▶ **To do**
Repeat exactly, please, the lines that begin at the start of the listing and end at the line holding "by (intro add_mono".

● ● ● ● ●

lemma \<Phi>_contraction:
  assumes z1: "z1 \<in> Zball" and z2: "z2 \<in> Zball"
  shows "dist (\<Phi> z1) (\<Phi> z2) \<le> 1 / 2 * dist z1 z2"
proof (rule dist_bound)
  fix t
  define \<delta> where "\<delta> = dist z1 z2"
  have "\<bar>tail_solution (\<lambda>s. trunc_remainder (trial z1 s)) t - tail_solution (\<lambda>s. trunc_remainder (trial z2 s)) t\<bar>
      = \<bar>tail_solution (\<lambda>s. trunc_remainder (trial z1 s) - trunc_remainder (trial z2 s)) t\<bar>"
    using tail_solution_diff[OF exp_dominated_trunc_remainder_trial[OF z1]
        exp_dominated_trunc_remainder_trial[OF z2]] by simp
  also have "\<dots> \<le> (6 * Lq * \<xi> * \<delta> / l1 + 2 * L * \<delta> / (K - l1)) / (l1 - l2) * weight t"
    using abs_tail_solution_le_weight[OF exp_dominated_trunc_remainder_trial_diff[OF z1 z2]]
      Lq_nonneg L_nonneg \<xi>_pos by (simp add: \<delta>_def)
  also have "\<dots> \<le> \<delta> * \<theta> * weight t"
  proof (rule mult_right_mono)
    have "6 * Lq * \<xi> * \<delta> / l1 + 2 * L * \<delta> / (K - l1) \<le> 9 * Lq * \<xi> * \<delta> / l1 + 3 * L * \<delta> / (K - l1)"
      using Lq_nonneg L_nonneg \<xi>_pos l1_pos l1_less_K
      by (intro add_mono divide_right_mono mult_right_mono) (auto simp: \<delta>_def)
    then have "(6 * Lq * \<xi> * \<delta> / l1 + 2 * L * \<delta> / (K - l1)) / (l1 - l2)
        \<le> (9 * Lq * \<xi> * \<delta> / l1 + 3 * L * \<delta> / (K - l1)) / (l1 - l2)"
      using l2_less_l1 by (intro divide_right_mono) auto
    also have "\<dots> = \<delta> * \<theta>"
      by (simp add: \<theta>_def field_simps)
    finally show "(6 * Lq * \<xi> * \<delta> / l1 + 2 * L * \<delta> / (K - l1)) / (l1 - l2) \<le> \<delta> * \<theta>" .
  qed (use weight_pos[of t] in simp)
  also have "\<dots> \<le> \<delta> * (1 / 2) * weight t"
    using \<theta>_le_half weight_pos[of t] by (intro mult_right_mono mult_left_mono) (auto simp: \<delta>_def)
  finally show "dist (\<Phi> z1 t) (\<Phi> z2 t) \<le> 1 / 2 * dist z1 z2"
    using weight_pos[of t]
    by (simp add: \<Phi>_apply z1 z2 \<delta>_def dist_real_def divide_le_eq abs_divide flip: diff_divide_distrib)
qed

lemma \<Phi>_fixed_point: "\<exists>z\<in>Zball. \<Phi> z = z"
proof -
  have "complete Zball" by (simp add: Zball_def complete_eq_closed)
  moreover have "Zball \<noteq> {}" using \<xi>_pos by (auto simp: Zball_def)
  ultimately have "\<exists>!z\<in>Zball. \<Phi> z = z"
    using \<Phi>_Zball \<Phi>_contraction by (intro Banach_fix[of Zball "1 / 2"]) auto
  then show ?thesis by blast
qed

definition W :: "real \<Rightarrow> real" where
  "W = trial (SOME z. z \<in> Zball \<and> \<Phi> z = z)"

definition W' :: "real \<Rightarrow> real" where
  "W' t = - l1 * \<xi> * exp (- (l1 * t)) + tail_solution' (\<lambda>s. trunc_remainder (W s)) t"

definition W'' :: "real \<Rightarrow> real" where
  "W'' t = l1\<^sup>2 * \<xi> * exp (- (l1 * t)) + tail_solution'' (\<lambda>s. trunc_remainder (W s)) t"

lemma W_fixed_point:
  shows W_integral_equation: "W t = \<xi> * exp (- (l1 * t)) + tail_solution (\<lambda>s. trunc_remainder (W s)) t"
    and exp_dominated_trunc_remainder_W: "exp_dominated (9 * Lq * \<xi>\<^sup>2) (3 * L * \<xi>) (\<lambda>s. trunc_remainder (W s))"
proof -
  obtain z where z: "z \<in> Zball" "\<Phi> z = z" and W: "W = trial z"
    using someI_ex[OF \<Phi>_fixed_point[unfolded Bex_def]] by (auto simp: W_def)
  have "weight t * z t = tail_solution (\<lambda>s. trunc_remainder (W s)) t"
    using \<Phi>_apply[OF z(1), of t] z(2) weight_pos[of t] by (simp add: W field_simps)
  then show "W t = \<xi> * exp (- (l1 * t)) + tail_solution (\<lambda>s. trunc_remainder (W s)) t"
    by (simp add: W trial_def)
  show "exp_dominated (9 * Lq * \<xi>\<^sup>2) (3 * L * \<xi>) (\<lambda>s. trunc_remainder (W s))"
    unfolding W by (rule exp_dominated_trunc_remainder_trial[OF z(1)])
qed

lemma has_real_derivative_W: "(W has_real_derivative W' t) (at t)"
proof -
  have W: "W = (\<lambda>t. \<xi> * exp (- (l1 * t)) + tail_solution (\<lambda>s. trunc_remainder (W s)) t)"
    using W_integral_equation by blast
  show ?thesis
    unfolding W'_def
    by (subst W) (auto intro!: derivative_eq_intros has_real_derivative_tail_solution[OF exp_dominated_trunc_remainder_W])
qed

lemma has_real_derivative_W': "(W' has_real_derivative W'' t) (at t)"
  unfolding W'_def[abs_def] W''_def
  by (auto intro!: derivative_eq_intros has_real_derivative_tail_solution'[OF exp_dominated_trunc_remainder_W]
      simp: power2_eq_square)

lemma W_ode: "W'' t + (l1 + l2) * W' t + l1 * l2 * W t = trunc_remainder (W t)"
proof -
  define f where "f = (\<lambda>s. trunc_remainder (W s))"
  have "W'' t + (l1 + l2) * W' t + l1 * l2 * W t
      = (l1\<^sup>2 + (l1 + l2) * (- l1) + l1 * l2) * \<xi> * exp (- (l1 * t))
        + (tail_solution'' f t + (l1 + l2) * tail_solution' f t + l1 * l2 * tail_solution f t)"
    unfolding W''_def W'_def W_integral_equation[of t] f_def by (simp add: algebra_simps)
  also have "\<dots> = f t"
    using tail_solution_ode[OF exp_dominated_trunc_remainder_W] by (simp add: f_def power2_eq_square algebra_simps)
  finally show ?thesis by (simp add: f_def)
qed

lemma continuous_on_W: "continuous_on UNIV W"
  using has_real_derivative_W by (meson DERIV_isCont continuous_at_imp_continuous_on)

lemma W_near_leading_term:
  assumes "t \<ge> 0"
  shows "\<bar>W t - \<xi> * exp (- (l1 * t))\<bar> \<le> \<xi> / 2 * exp (- (l1 * t))"
proof -
  have "\<bar>W t - \<xi> * exp (- (l1 * t))\<bar> \<le> \<xi> * \<theta> * exp (- (l1 * t))"
    using abs_tail_solution_le_exp[OF exp_dominated_trunc_remainder_W _ _ assms] Lq_nonneg L_nonneg \<xi>_pos
    by (simp add: W_integral_equation[of t] \<theta>_def field_simps power2_eq_square)
  also have "\<dots> \<le> \<xi> * (1 / 2) * exp (- (l1 * t))"
    using \<theta>_le_half \<xi>_pos by (intro mult_right_mono mult_left_mono) auto
  finally show ?thesis by simp
qed

lemma W_pos_right: "t \<ge> 0 \<Longrightarrow> W t > 0"
  using abs_le_D2[OF W_near_leading_term[of t]] mult_pos_pos[OF \<xi>_pos exp_gt_zero[of "- (l1 * t)"]]
  by linarith

lemma W_tendsto_0: "(W \<longlongrightarrow> 0) at_top"
proof (rule tendsto_sandwich[of "\<lambda>t. 0" _ _ "\<lambda>t. 3 / 2 * \<xi> * exp (- (l1 * t))"])
  show "\<forall>\<^sub>F t in at_top. 0 \<le> W t"
    using eventually_ge_at_top[of 0] by eventually_elim (simp add: W_pos_right less_imp_le)
  show "\<forall>\<^sub>F t in at_top. W t \<le> 3 / 2 * \<xi> * exp (- (l1 * t))"
  proof (rule eventually_mono[OF eventually_ge_at_top[of 0]])
    fix t :: real assume "t \<ge> 0"
    from abs_le_D1[OF W_near_leading_term[OF this]] show "W t \<le> 3 / 2 * \<xi> * exp (- (l1 * t))" by simp
  qed
  show "((\<lambda>t. 3 / 2 * \<xi> * exp (- (l1 * t))) \<longlongrightarrow> 0) at_top"
    using l1_pos by real_asymp
qed simp

section \<open>Positivity and monotonicity of the profile\<close>

text \<open>The derivative of \<open>e\<^bsup>(l\<^sub>1 + l\<^sub>2) t\<^esup> W'\<close> is \<open>e\<^bsup>(l\<^sub>1 + l\<^sub>2) t\<^esup> (\<mu> W + trunc_remainder W)\<close>.\<close>
lemma scaled_W'_mono:
  assumes "s \<le> r" and pos: "\<And>x. s \<le> x \<Longrightarrow> x \<le> r \<Longrightarrow> W x > 0"
  shows "exp ((l1 + l2) * s) * W' s \<le> exp ((l1 + l2) * r) * W' r"
proof (rule DERIV_nonneg_imp_nondecreasing[OF \<open>s \<le> r\<close>])
  fix x assume "s \<le> x" "x \<le> r"
  have "((\<lambda>t. exp ((l1 + l2) * t) * W' t) has_real_derivative
      exp ((l1 + l2) * x) * (W'' x + (l1 + l2) * W' x)) (at x)"
    by (auto intro!: derivative_eq_intros has_real_derivative_W' simp: algebra_simps)
  moreover have "W'' x + (l1 + l2) * W' x = \<mu> * W x + trunc_remainder (W x)"
    using W_ode[of x] l1_times_l2 by simp
  moreover have "\<mu> * W x + trunc_remainder (W x) > 0"
    using linear_plus_trunc_remainder_pos pos \<open>s \<le> x\<close> \<open>x \<le> r\<close> by blast
  ultimately show "\<exists>y. ((\<lambda>t. exp ((l1 + l2) * t) * W' t) has_real_derivative y) (at x) \<and> 0 \<le> y"
    by (intro exI conjI) (auto simp: less_imp_le)
qed

text \<open>If \<open>W'\<close> were nonnegative somewhere in a region where \<open>W > 0\<close>, the monotone quantity above
  would keep \<open>W\<close> nondecreasing from there on, contradicting \<open>W \<rightarrow> 0\<close>.\<close>
lemma W'_neg_where_W_pos:
  assumes pos: "\<And>x. x > t0 \<Longrightarrow> W x > 0" and "s > t0"
  shows "W' s < 0"
proof (rule ccontr)
  assume "\<not> W' s < 0"
  then have "exp ((l1 + l2) * s) * W' s \<ge> 0" by simp
  then have "W' x \<ge> 0" if "s \<le> x" for x
  proof -
    have "0 \<le> exp ((l1 + l2) * x) * W' x"
      using scaled_W'_mono[OF that] pos \<open>s > t0\<close> \<open>exp ((l1 + l2) * s) * W' s \<ge> 0\<close> by force
    then show ?thesis by (simp add: zero_le_mult_iff)
  qed
  then have "W s \<le> W x" if "s \<le> x" for x
    using has_real_derivative_W by (intro DERIV_nonneg_imp_nondecreasing[OF that]) auto
  then have "W s \<le> 0"
    by (intro tendsto_lowerbound[OF W_tendsto_0]) (auto intro: eventually_mono[OF eventually_ge_at_top[of s]])
  then show False using pos[OF \<open>s > t0\<close>] by simp
qed

text \<open>Otherwise, beyond the last point \<open>ts\<close> with \<open>W ts \<le> 0\<close> we would have \<open>W' < 0\<close>, so \<open>W\<close> could
  not become positive there.\<close>
lemma W_pos: "W t > 0"
proof (rule ccontr)
  assume "\<not> W t > 0"
  define S where "S = {s. W s \<le> 0}"
  have "t \<in> S" using \<open>\<not> W t > 0\<close> by (simp add: S_def)
  have "x \<le> 0" if "x \<in> S" for x
    using that W_pos_right[of x] by (cases "0 \<le> x") (auto simp: S_def)
  then have "bdd_above S" by (rule bdd_aboveI)
  have "closed S"
    unfolding S_def by (intro closed_Collect_le continuous_on_W continuous_on_const)
  define ts where "ts = Sup S"
  have "W ts \<le> 0"
    using closed_contains_Sup[OF _ \<open>bdd_above S\<close> \<open>closed S\<close>] \<open>t \<in> S\<close> by (auto simp: ts_def S_def)
  have pos: "W x > 0" if "x > ts" for x
    using cSup_upper[OF _ \<open>bdd_above S\<close>, of x] that by (force simp: ts_def S_def)
  obtain \<eta> where "ts < \<eta>" "\<eta> < ts + 1" and "W (ts + 1) - W ts = (ts + 1 - ts) * W' \<eta>"
    using MVT2[of ts "ts + 1" W W'] has_real_derivative_W by auto
  moreover have "W' \<eta> < 0" using W'_neg_where_W_pos[OF pos \<open>ts < \<eta>\<close>] .
  ultimately have "W (ts + 1) < W ts" by simp
  then show False using pos[of "ts + 1"] \<open>W ts \<le> 0\<close> by simp
qed

lemma W'_neg: "W' t < 0"
  using W'_neg_where_W_pos[of "t - 1" t] W_pos by simp

lemma W_strict_antimono: "s < t \<Longrightarrow> W t < W s"
  by (rule DERIV_neg_imp_decreasing) (use has_real_derivative_W W'_neg in blast)+

end

section \<open>The family of solutions\<close>

lemma solution_family_of_profile:
  fixes V V' V'' :: "real \<Rightarrow> real" and a p \<sigma> c :: real
  assumes V': "\<And>t. (V has_real_derivative V' t) (at t)"
    and V'': "\<And>t. (V' has_real_derivative V'' t) (at t)"
    and ode: "\<And>t. V'' t - (2 * a - 1) * V' t + a * (a - 1) * V t + V t powr p = 0"
    and V_gt: "\<And>t. c < V t" and decreasing: "\<And>s t. s < t \<Longrightarrow> V t < V s"
    and limit: "(V \<longlongrightarrow> c) at_top" and "c > 0"
    and exponents: "\<sigma> + a * p = a - 2"
  shows "\<exists>U :: real \<Rightarrow> real \<Rightarrow> real.
           (\<forall>\<alpha>>0.
              C2_on {0<..} (U \<alpha>) \<and>
              (\<forall>x>0. U \<alpha> x > 0) \<and>
              (\<forall>x>0. deriv (deriv (U \<alpha>)) x + x powr \<sigma> * (U \<alpha> x) powr p = 0) \<and>
              ((\<lambda>x. U \<alpha> x / (c * x powr a)) \<longlongrightarrow> 1) (at_right 0)) \<and>
           (\<forall>\<alpha>1 \<alpha>2. \<alpha>1 > \<alpha>2 \<and> \<alpha>2 > 0 \<longrightarrow>
              (\<forall>x>0. U \<alpha>1 x > U \<alpha>2 x \<and> U \<alpha>2 x > c * x powr a))"
proof -
  define U where "U = (\<lambda>\<alpha> x. x powr a * V (- ln (\<alpha> * x)))"
  have V_pos: "V t > 0" for t using V_gt[of t] \<open>c > 0\<close> by simp
  have "C2_on {0<..} (U \<alpha>) \<and> (\<forall>x>0. U \<alpha> x > 0) \<and>
      (\<forall>x>0. deriv (deriv (U \<alpha>)) x + x powr \<sigma> * (U \<alpha> x) powr p = 0) \<and>
      ((\<lambda>x. U \<alpha> x / (c * x powr a)) \<longlongrightarrow> 1) (at_right 0)" if "\<alpha> > 0" for \<alpha>
  proof (intro conjI)
    show "C2_on {0<..} (U \<alpha>)" "\<forall>x>0. deriv (deriv (U \<alpha>)) x + x powr \<sigma> * (U \<alpha> x) powr p = 0"
      using emden_fowler_substitution[OF V' V'' V_pos ode exponents \<open>\<alpha> > 0\<close>] by (simp_all add: U_def)
    show "\<forall>x>0. U \<alpha> x > 0" using V_pos by (simp add: U_def)
    have "filterlim (\<lambda>x. - ln (\<alpha> * x)) at_top (at_right 0)" using \<open>\<alpha> > 0\<close> by real_asymp
    then have "((\<lambda>x. V (- ln (\<alpha> * x)) / c) \<longlongrightarrow> c / c) (at_right 0)"
      using \<open>c > 0\<close> by (intro tendsto_divide filterlim_compose[OF limit]) auto
    moreover have "\<forall>\<^sub>F x in at_right 0. V (- ln (\<alpha> * x)) / c = U \<alpha> x / (c * x powr a)"
      by (rule eventually_mono[OF eventually_at_right_less]) (simp add: U_def)
    ultimately show "((\<lambda>x. U \<alpha> x / (c * x powr a)) \<longlongrightarrow> 1) (at_right 0)"
      using \<open>c > 0\<close> by (simp add: tendsto_cong)
  qed
  moreover have "U \<alpha>1 x > U \<alpha>2 x \<and> U \<alpha>2 x > c * x powr a" if "\<alpha>2 < \<alpha>1" "0 < \<alpha>2" "0 < x" for \<alpha>1 \<alpha>2 x
  proof
    have "V (- ln (\<alpha>2 * x)) < V (- ln (\<alpha>1 * x))" using that by (intro decreasing) simp
    then show "U \<alpha>1 x > U \<alpha>2 x" using \<open>0 < x\<close> by (simp add: U_def)
    show "U \<alpha>2 x > c * x powr a" using V_gt \<open>0 < x\<close> by (simp add: U_def mult.commute)
  qed
  ultimately show ?thesis by blast
qed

● ● ● ● ●

▶ **The answer**
lemma \<Phi>_contraction:
  assumes z1: "z1 \<in> Zball" and z2: "z2 \<in> Zball"
  shows "dist (\<Phi> z1) (\<Phi> z2) \<le> 1 / 2 * dist z1 z2"
proof (rule dist_bound)
  fix t
  define \<delta> where "\<delta> = dist z1 z2"
  have "\<bar>tail_solution (\<lambda>s. trunc_remainder (trial z1 s)) t - tail_solution (\<lambda>s. trunc_remainder (trial z2 s)) t\<bar>
      = \<bar>tail_solution (\<lambda>s. trunc_remainder (trial z1 s) - trunc_remainder (trial z2 s)) t\<bar>"
    using tail_solution_diff[OF exp_dominated_trunc_remainder_trial[OF z1]
        exp_dominated_trunc_remainder_trial[OF z2]] by simp
  also have "\<dots> \<le> (6 * Lq * \<xi> * \<delta> / l1 + 2 * L * \<delta> / (K - l1)) / (l1 - l2) * weight t"
    using abs_tail_solution_le_weight[OF exp_dominated_trunc_remainder_trial_diff[OF z1 z2]]
      Lq_nonneg L_nonneg \<xi>_pos by (simp add: \<delta>_def)
  also have "\<dots> \<le> \<delta> * \<theta> * weight t"
  proof (rule mult_right_mono)
    have "6 * Lq * \<xi> * \<delta> / l1 + 2 * L * \<delta> / (K - l1) \<le> 9 * Lq * \<xi> * \<delta> / l1 + 3 * L * \<delta> / (K - l1)"
      using Lq_nonneg L_nonneg \<xi>_pos l1_pos l1_less_K
      by (intro add_mono divide_right_mono mult_right_mono) (auto simp: \<delta>_def)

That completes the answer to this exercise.